TLB Comment: Based on this state of the law, can gegevens miners expect to build a business based on unauthorized screen-scraping? Somewhat remarkably, the outlook may be better than it emerges. Very first, many companies do utilize this form of gegevens mining without protestation from the owners of the sites they are crawling. The reasons are economic, not legal. Ter some industries screen-scraping has become an accepted method of business. Further, the vast majority of companies are willing to provide access to their sites when they are approached cooperatively. The fact that some percentage of their capacity is being used by a scraper is not a deterrent, spil long spil the scraper’s customers ultimately are referred to the vendor’s webpagina to make the purchase.

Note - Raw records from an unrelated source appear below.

lemma superficial_if_bounded_distinct_mod_1:
  assumes bounded: "curlicue_bounded u" and distinct: "\<And>m m'. m \<noteq> m' \<Longrightarrow> u m - u m' \<notin> \<int>"
  shows "superficial u"
proof -
  have "\<exists>C. \<forall>\<^sub>F e in at_right 0. real N * e - C * e\<^sup>2 \<le> measure lebesgue (eps_nbhd (curlicue u) e)"
    for N
  proof -
    obtain F where F: "finite F" "card F = N"
      "\<forall>i\<in>F. \<forall>j\<in>F. i \<noteq> j \<longrightarrow> Im (circle_map (u i) * cnj (circle_map (u j))) \<noteq> 0"
      using exists_transversal_edges[where u = u and N = N, OF distinct] by blast
    have "bounded (curlicue u)"
      using bounded unfolding curlicue_bounded_def .
    moreover note F(1)
    moreover have "\<And>i s. i \<in> F \<Longrightarrow> 0 \<le> s \<Longrightarrow> s \<le> 1 \<Longrightarrow>
        curl_vertex u i + of_real s * circle_map (u i) \<in> curlicue u"
      by (rule curl_segment_in_curlicue)
    moreover have "\<And>i. i \<in> F \<Longrightarrow> norm (circle_map (u i)) = 1"
      by (rule norm_circle_map)
    ultimately have "\<exists>C. \<forall>\<^sub>F e in at_right 0.
        pi * real (card F) / 2 * e - C * e\<^sup>2 \<le> measure lebesgue (eps_nbhd (curlicue u) e)"
      using F(3)[rule_format] by (rule measure_eps_nbhd_transversal_segments_ge)
    then obtain C where C: "\<forall>\<^sub>F e in at_right 0.
        pi * real N / 2 * e - C * e\<^sup>2 \<le> measure lebesgue (eps_nbhd (curlicue u) e)"
      unfolding F(2) by blast
    have "2 * real N \<le> pi * real N"
      using pi_gt3 by (intro mult_right_mono) auto
    then have N_le: "real N * e \<le> pi * real N / 2 * e" if "e > 0" for e
      using that by (intro mult_right_mono) auto
    from C eventually_at_right_less[of 0] have "\<forall>\<^sub>F e in at_right 0.
            real N * e - C * e\<^sup>2 \<le> measure lebesgue (eps_nbhd (curlicue u) e)"
    proof eventually_elim
      case (elim e)
      with N_le[of e] show ?case by linarith
    qed
    then show ?thesis ..
  qed
  then have "filterlim (\<lambda>e. measure lebesgue (eps_nbhd (curlicue u) e) / e) at_top (at_right 0)"
    by (rule filterlim_div_at_right_0_at_top)
  with bounded show ?thesis
    unfolding superficial_def by simp
qed

theorem proposition2p8:
  fixes phi :: "complex \<Rightarrow> complex" and Phi :: "real \<Rightarrow> real"
    and x0 :: real and \<rho> :: real and u :: "nat \<Rightarrow> real"
  assumes "orient_pres_circle_homeo phi"
    and "is_lift Phi phi"
    and "\<rho> = rotation_number Phi"
    and "\<rho> \<notin> \<rat>"
    and "\<And>n. u n = (Phi ^^ n) x0"
  shows "((\<forall>z\<in>sphere 0 1. phi z = circle_map \<rho> * z) \<longrightarrow>
            curlicue_bounded u \<and> superficial u)
       \<and> (curlicue_bounded u \<longrightarrow> superficial u)"
proof -
  have "u m - u m' \<notin> \<int>" if "m \<noteq> m'" for m m'
    unfolding assms(5)
    using orbit_diff_not_Ints[OF assms(2) mono_lift[OF assms(1,2)] _ that] assms(3,4) by simp
  then have bounded_superficial: "curlicue_bounded u \<longrightarrow> superficial u"
    using superficial_if_bounded_distinct_mod_1 by blast
  have "\<rho> \<notin> \<int>"
    using assms(4) Ints_subset_Rats by blast
  then have "(\<forall>z\<in>sphere 0 1. phi z = circle_map \<rho> * z) \<longrightarrow> curlicue_bounded u"
    using curlicue_bounded_rotation_orbit[OF assms(2) _ _ assms(5)] by blast
  with bounded_superficial show ?thesis
    by blast
qed

end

2nd, while the law thus far has favored original content providers, the law on electronic trespass to chattels is far from lodged. Just before this article went to press the California Supreme Court issued a decision te Intel v. Hamadi, rejecting Intel’s attempt to prevent a former employee from sending mass e-mails to Intel employees. Ter that case the court held that electronic trespass to chattels is not actionable under California law unless it involves “actual or threatened injury to the individual property or the possessor’s legally protected rente ter the individual property.” Since Hamadi’s e-mails (numbering ter the hundreds of thousands) to Intel employees caused no such harm, the court refused to order Hamadi to cease communications. Albeit this case wasgoed not a screen-scraping case, the issues implicated are essentially the same (Intel relied strenuously on the scraper cases), and therefore Hamadi may be an significant defensive implement for scrapers to use ter the future.